▶ [SUPPLIED DATA]:
· · · ·

lemma append_rows_right_inverse:
  fixes U :: "'a :: ring_1 mat"
  assumes U: "U \<in> carrier_mat r1 n" and M: "M \<in> carrier_mat r2 n"
    and Z: "Z \<in> carrier_mat n r1" and Y2: "Y2 \<in> carrier_mat n r2"
    and UZ: "U * Z = 1\<^sub>m r1" and UY2: "U * Y2 = 0\<^sub>m r1 r2" and MY2: "M * Y2 = 1\<^sub>m r2"
  shows "\<exists>Y \<in> carrier_mat n (r1 + r2). (U @\<^sub>r M) * Y = 1\<^sub>m (r1 + r2)"
proof
  define Y1 where "Y1 = Z - Y2 * (M * Z)"
  let ?Y = "four_block_mat Y1 Y2 (0\<^sub>m 0 r1) (0\<^sub>m 0 r2)"
  have MZ: "M * Z \<in> carrier_mat r2 r1" using M Z by simp
  have Y1: "Y1 \<in> carrier_mat n r1" unfolding Y1_def using Z Y2 MZ by (simp add: minus_carrier_mat)
  have "U * Y1 = 1\<^sub>m r1"
    unfolding Y1_def using mult_minus_distrib_mat[OF U Z mult_carrier_mat[OF Y2 MZ]]
      assoc_mult_mat[OF U Y2 MZ, symmetric] UY2 UZ left_mult_zero_mat[OF MZ]
      eq_matI[of "1\<^sub>m r1 - 0\<^sub>m r1 r1" "1\<^sub>m r1 :: 'a mat"] by simp
  moreover have "M * Y1 = 0\<^sub>m r2 r1"
    unfolding Y1_def using mult_minus_distrib_mat[OF M Z mult_carrier_mat[OF Y2 MZ]]
      assoc_mult_mat[OF M Y2 MZ, symmetric] MY2 left_mult_one_mat[OF MZ] minus_r_inv_mat[OF MZ]
    by simp
  moreover have "(U @\<^sub>r M) * ?Y = four_block_mat U (0\<^sub>m r1 0) M (0\<^sub>m r2 0) * ?Y"
    unfolding append_rows_def using U M by simp
  moreover have "\<dots> = four_block_mat (U * Y1 + 0\<^sub>m r1 0 * 0\<^sub>m 0 r1) (U * Y2 + 0\<^sub>m r1 0 * 0\<^sub>m 0 r2)
      (M * Y1 + 0\<^sub>m r2 0 * 0\<^sub>m 0 r1) (M * Y2 + 0\<^sub>m r2 0 * 0\<^sub>m 0 r2)"
    using U M Y1 Y2 by (intro mult_four_block_mat) auto
  ultimately show "(U @\<^sub>r M) * ?Y = 1\<^sub>m (r1 + r2)" using UY2 MY2 by simp
  show "?Y \<in> carrier_mat n (r1 + r2)" using four_block_carrier_mat[OF Y1, of "0\<^sub>m 0 r2" 0 r2] Y2 by simp
qed

lemma append_rows_mult_eq_top:
  fixes U :: "'a :: semiring_1 mat"
  assumes U: "U \<in> carrier_mat r1 n" and M: "M \<in> carrier_mat r2 n"
    and X: "X \<in> carrier_mat n m" and X': "X' \<in> carrier_mat n m"
    and eq: "(U @\<^sub>r M) * X = (U @\<^sub>r M) * X'"
  shows "U * X = U * X'"
proof (rule eq_matI)
  fix i j assume "i < dim_row (U * X')" "j < dim_col (U * X')"
  then have i: "i < r1" and j: "j < m" using U X' by auto
  have "(U * Z) $$ (i,j) = ((U @\<^sub>r M) * Z) $$ (i,j)" if Z: "Z \<in> carrier_mat n m" for Z
  proof -
    have "(U * Z) $$ (i,j) = (\<Sum>k\<in>{0..<n}. U $$ (i,k) * Z $$ (k,j))"
      using U Z i j by (simp add: scalar_prod_def)
    also have "\<dots> = (\<Sum>k\<in>{0..<n}. (U @\<^sub>r M) $$ (i,k) * Z $$ (k,j))"
      using U M i by (intro sum.cong) (auto simp: append_rows_def)
    also have "\<dots> = ((U @\<^sub>r M) * Z) $$ (i,j)"
      using carrier_append_rows[OF U M] Z i j by (simp add: scalar_prod_def)
    finally show ?thesis .
  qed
  then show "(U * X) $$ (i,j) = (U * X') $$ (i,j)" using X X' eq by simp
qed (use U X X' in auto)

section \<open>Consequences of the MDS property\<close>

lemma supportsD:
  assumes "W \<in> supports K D"
  shows "W \<subseteq> {0..<K}" "card W = D" "card ({0..<K} - W) = K - D"
  using assms unfolding supports_def by (auto simp: card_Diff_subset finite_subset)

lemma sel_mat_support_carrier:
  assumes "W \<in> supports K D"
  shows "(sel_mat K W :: 'a :: {zero,one} mat) \<in> carrier_mat D K"
    "(sel_mat K W :: 'a mat)\<^sup>T \<in> carrier_mat K D"
    "(sel_mat K ({0..<K} - W) :: 'a mat) \<in> carrier_mat (K - D) K"
    "(sel_mat K ({0..<K} - W) :: 'a mat)\<^sup>T \<in> carrier_mat K (K - D)"
  using sel_mat_carrier[of K W] sel_mat_carrier[of K "{0..<K} - W"] supportsD[OF assms] by auto

lemma sel_mat_support_products:
  assumes "W \<in> supports K D"
  shows "sel_mat K W * (sel_mat K W)\<^sup>T = (1\<^sub>m D :: 'a :: semiring_1 mat)"
    "sel_mat K W * (sel_mat K ({0..<K} - W))\<^sup>T = (0\<^sub>m D (K - D) :: 'a mat)"
  using sel_mat_mult_transpose_self[OF supportsD(1)[OF assms]]
    sel_mat_mult_transpose_disjoint[OF supportsD(1)[OF assms], of "{0..<K} - W"] supportsD[OF assms]
  by auto

locale mds_matrix =
  fixes K D :: nat and M :: "'a :: field mat"
  assumes M_carrier: "M \<in> carrier_mat (K - D) K" and mds: "mds_mat M"
begin

lemma cosupport_block_inverse:
  assumes W: "W \<in> supports K D"
  obtains N where "N \<in> carrier_mat (K - D) (K - D)"
    "(M * (sel_mat K ({0..<K} - W))\<^sup>T) * N = 1\<^sub>m (K - D)"
    "N * (M * (sel_mat K ({0..<K} - W))\<^sup>T) = 1\<^sub>m (K - D)"
proof -
  have "invertible_mat (submatrix M {0..<dim_row M} ({0..<K} - W))"
    using mds M_carrier supportsD[OF W] unfolding mds_mat_def by auto
  then have "invertible_mat (M * (sel_mat K ({0..<K} - W))\<^sup>T)"
    using submatrix_eq_mult_transpose_sel_mat[OF M_carrier, of "{0..<K} - W"] M_carrier by auto
  moreover have "M * (sel_mat K ({0..<K} - W))\<^sup>T \<in> carrier_mat (K - D) (K - D)"
    using M_carrier sel_mat_support_carrier(4)[OF W, where 'a='a] by simp
  ultimately show ?thesis using that invertible_mat_iff_inverse by blast
qed

lemma decomposition_exists:
  assumes W: "W \<in> supports K D" and P: "P \<in> carrier_mat r K"
  obtains C B where "C \<in> carrier_mat r D" "B \<in> carrier_mat r (K - D)"
    "P = C * sel_mat K W + B * M"
proof -
  let ?sW = "sel_mat K W :: 'a mat" and ?sC = "sel_mat K ({0..<K} - W) :: 'a mat"
  note sel = sel_mat_support_carrier[OF W, where 'a='a]
  obtain N where N: "N \<in> carrier_mat (K - D) (K - D)" and NM: "N * (M * ?sC\<^sup>T) = 1\<^sub>m (K - D)"
    using cosupport_block_inverse[OF W] by metis
  define B where "B = (P * ?sC\<^sup>T) * N"
  define E where "E = P - B * M"
  define C where "C = E * ?sW\<^sup>T"
  have PC: "P * ?sC\<^sup>T \<in> carrier_mat r (K - D)" and MC: "M * ?sC\<^sup>T \<in> carrier_mat (K - D) (K - D)"
    using P M_carrier sel by auto
  have B: "B \<in> carrier_mat r (K - D)" unfolding B_def using PC N by simp
  have E: "E \<in> carrier_mat r K" unfolding E_def using B M_carrier by (simp add: minus_carrier_mat)
  have C: "C \<in> carrier_mat r D" unfolding C_def using E sel by simp
  have "(B * M) * ?sC\<^sup>T = B * (M * ?sC\<^sup>T)"
    using assoc_mult_mat[OF B M_carrier sel(4)] .
  also have "\<dots> = (P * ?sC\<^sup>T) * (N * (M * ?sC\<^sup>T))"
    unfolding B_def using assoc_mult_mat[OF PC N MC] .
  also have "\<dots> = P * ?sC\<^sup>T" using NM right_mult_one_mat[OF PC] by simp
  finally have EC: "E * ?sC\<^sup>T = 0\<^sub>m r (K - D)"
    unfolding E_def using minus_mult_distrib_mat[OF P mult_carrier_mat[OF B M_carrier] sel(4)] PC
    by simp
  have "E = E * ((?sW)\<^sup>T * ?sW + ?sC\<^sup>T * ?sC)"
    using transpose_sel_mat_mult_sel_mat_complement[OF supportsD(1)[OF W], where 'a='a]
      right_mult_one_mat[OF E] by simp
  also have "\<dots> = (E * ?sW\<^sup>T) * ?sW + (E * ?sC\<^sup>T) * ?sC"
    using mult_add_distrib_mat[OF E mult_carrier_mat[OF sel(2) sel(1)] mult_carrier_mat[OF sel(4) sel(3)]]
      assoc_mult_mat[OF E sel(2) sel(1)] assoc_mult_mat[OF E sel(4) sel(3)] by simp
  also have "\<dots> = C * ?sW"
    unfolding EC C_def[symmetric] using left_mult_zero_mat[OF sel(3)] C sel by simp
  finally have "E = C * ?sW" .
  moreover have "P = (P - B * M) + B * M"
    using P mult_carrier_mat[OF B M_carrier] by (intro eq_matI) auto
  ultimately have "P = C * ?sW + B * M" unfolding E_def by simp
  then show ?thesis using that B C by blast
qed

lemma decomposition_unique:
  assumes W: "W \<in> supports K D"
    and Ca: "Ca \<in> carrier_mat r D" and Ba: "Ba \<in> carrier_mat r (K - D)"
    and Cb: "Cb \<in> carrier_mat r D" and Bb: "Bb \<in> carrier_mat r (K - D)"
    and eq: "Ca * sel_mat K W + Ba * M = Cb * sel_mat K W + Bb * M"
  shows "Ca = Cb" "Ba = Bb"
proof -
  let ?sW = "sel_mat K W :: 'a mat" and ?sC = "sel_mat K ({0..<K} - W) :: 'a mat"
  note sel = sel_mat_support_carrier[OF W, where 'a='a]
  note prod = sel_mat_support_products[OF W, where 'a='a]
  obtain N where N: "N \<in> carrier_mat (K - D) (K - D)" and MN: "(M * ?sC\<^sup>T) * N = 1\<^sub>m (K - D)"
    using cosupport_block_inverse[OF W] by metis
  have MC: "M * ?sC\<^sup>T \<in> carrier_mat (K - D) (K - D)" and MW: "M * ?sW\<^sup>T \<in> carrier_mat (K - D) D"
    using M_carrier sel by auto
  have proj: "(C * ?sW + B * M) * ?sC\<^sup>T = B * (M * ?sC\<^sup>T)"
    "(C * ?sW + B * M) * ?sW\<^sup>T = C + B * (M * ?sW\<^sup>T)"
    if C: "C \<in> carrier_mat r D" and B: "B \<in> carrier_mat r (K - D)" for C B
  proof -
    have CW: "C * ?sW \<in> carrier_mat r K" and BM: "B * M \<in> carrier_mat r K" using C B sel M_carrier by auto
    show "(C * ?sW + B * M) * ?sC\<^sup>T = B * (M * ?sC\<^sup>T)"
      using add_mult_distrib_mat[OF CW BM sel(4)] assoc_mult_mat[OF C sel(1) sel(4)]
        assoc_mult_mat[OF B M_carrier sel(4)] prod(2) right_mult_zero_mat[OF C] B MC by simp
    show "(C * ?sW + B * M) * ?sW\<^sup>T = C + B * (M * ?sW\<^sup>T)"
      using add_mult_distrib_mat[OF CW BM sel(2)] assoc_mult_mat[OF C sel(1) sel(2)]
        assoc_mult_mat[OF B M_carrier sel(2)] prod(1) right_mult_one_mat[OF C] by simp
  qed
  have "Ba * (M * ?sC\<^sup>T) = Bb * (M * ?sC\<^sup>T)" using proj(1)[OF Ca Ba] proj(1)[OF Cb Bb] eq by simp
  then show Ba2: "Ba = Bb" by (rule mult_right_cancel_right_inverse[OF Ba Bb MC N MN])
  have "Ca + Ba * (M * ?sW\<^sup>T) = Cb + Ba * (M * ?sW\<^sup>T)"
    using proj(2)[OF Ca Ba] proj(2)[OF Cb Bb] eq unfolding Ba2 by simp
  then show "Ca = Cb" by (rule add_mat_right_cancel[OF Ca Cb mult_carrier_mat[OF Ba MW]])
qed

lemma change_of_support:
  assumes W: "W \<in> supports K D" and W': "W' \<in> supports K D"
  obtains C B where "C \<in> carrier_mat D D" "B \<in> carrier_mat D (K - D)" "invertible_mat C"
    "sel_mat K W = C * sel_mat K W' + B * M"
proof -
  let ?sW = "sel_mat K W :: 'a mat" and ?sW' = "sel_mat K W' :: 'a mat"
  note sel = sel_mat_support_carrier[OF W, where 'a='a] sel_mat_support_carrier[OF W', where 'a='a]
  obtain C B where C: "C \<in> carrier_mat D D" and B: "B \<in> carrier_mat D (K - D)"
    and e: "?sW = C * ?sW' + B * M"
    using decomposition_exists[OF W' sel(1)] by metis
  obtain C' B' where C': "C' \<in> carrier_mat D D" and B': "B' \<in> carrier_mat D (K - D)"
    and e': "?sW' = C' * ?sW + B' * M"
    using decomposition_exists[OF W sel(5)] by metis
  have CB': "C * B' \<in> carrier_mat D (K - D)" using C B' by simp
  have "?sW = C * (C' * ?sW) + C * (B' * M) + B * M"
    using e e' mult_add_distrib_mat[OF C mult_carrier_mat[OF C' sel(1)] mult_carrier_mat[OF B' M_carrier]]
    by simp
  also have "\<dots> = C * (C' * ?sW) + (C * (B' * M) + B * M)"
    using C C' B B' sel M_carrier by (intro assoc_add_mat) auto
  also have "\<dots> = (C * C') * ?sW + ((C * B') * M + B * M)"
    using assoc_mult_mat[OF C C' sel(1)] assoc_mult_mat[OF C B' M_carrier] by simp
  also have "\<dots> = (C * C') * ?sW + (C * B' + B) * M"
    using add_mult_distrib_mat[OF CB' B M_carrier] by simp
  finally have "1\<^sub>m D * ?sW + 0\<^sub>m D (K - D) * M = (C * C') * ?sW + (C * B' + B) * M"
    using sel M_carrier by simp
  then have "1\<^sub>m D = C * C'"
    using decomposition_unique(1)[OF W, where r = D and Ca = "1\<^sub>m D" and Ba = "0\<^sub>m D (K - D)"
      and Cb = "C * C'" and Bb = "C * B' + B"] C C' CB' B
    by simp
  then have "invertible_mat C" using invertible_mat_of_right_inverse[OF C C'] by simp
  then show ?thesis using that C B e by blast
qed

· · · ·

Go through the data and show each line that holds "fixes".

▶ [EXERCISE RESPONSE]:
  fixes U :: "'a :: ring_1 mat"
  fixes U :: "'a :: semiring_1 mat"
  fixes K D :: nat and M :: "'a :: field mat"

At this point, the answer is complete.